▶ _Exercise prompt_:
Retype, word for word, each line between the lines holding "proof (rule integral_unique, rule" and "using H_deriv by (simp", inclusive, and leave the rest of the data alone.

▶ _Record extracts_:
lemma integral_mult_tail_integral:
  fixes g h H :: "real \<Rightarrow> real"
  assumes "a \<le> b" and g: "g integrable_on {a..b}" and S: "finite S"
    and g_cont: "\<And>x. x \<in> {a<..<b} - S \<Longrightarrow> isCont g x"
    and H_deriv: "\<And>s. (H has_real_derivative h s) (at s)" and H_start: "H a = 0"
    and Hg: "(\<lambda>s. H s * g s) integrable_on {a..b}"
  shows "integral {a..b} (\<lambda>\<tau>. h \<tau> * integral {\<tau>..b} g) = integral {a..b} (\<lambda>s. H s * g s)"
proof (rule integral_unique, rule integration_by_parts_interior_strong[OF bounded_bilinear_mult S \<open>a \<le> b\<close>])
  show "continuous_on {a..b} H"
    using H_deriv by (intro continuous_at_imp_continuous_on) (auto intro: DERIV_isCont)
  show "continuous_on {a..b} (\<lambda>\<tau>. integral {\<tau>..b} g)"
    by (rule indefinite_integral_continuous_1'[OF g])
  show "(H has_vector_derivative h x) (at x)" for x
    using H_deriv by (simp add: has_real_derivative_iff_has_vector_derivative)
  show "((\<lambda>u. integral {u..b} g) has_vector_derivative - g x) (at x)" if "x \<in> {a<..<b} - S" for x
    using has_real_derivative_tail_integral[OF g S that g_cont[OF that]]
    by (simp add: has_real_derivative_iff_has_vector_derivative)
  show "((\<lambda>x. H x * - g x) has_integral
      H b * integral {b..b} g - H a * integral {a..b} g - integral {a..b} (\<lambda>s. H s * g s)) {a..b}"
    using has_integral_neg[OF integrable_integral[OF Hg]] H_start by simp
qed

▶ _Finished task_:
proof (rule integral_unique, rule integration_by_parts_interior_strong[OF bounded_bilinear_mult S \<open>a \<le> b\<close>])
  show "continuous_on {a..b} H"
    using H_deriv by (intro continuous_at_imp_continuous_on) (auto intro: DERIV_isCont)
  show "continuous_on {a..b} (\<lambda>\<tau>. integral {\<tau>..b} g)"
    by (rule indefinite_integral_continuous_1'[OF g])
  show "(H has_vector_derivative h x) (at x)" for x
    using H_deriv by (simp add: has_real_derivative_iff_has_vector_derivative)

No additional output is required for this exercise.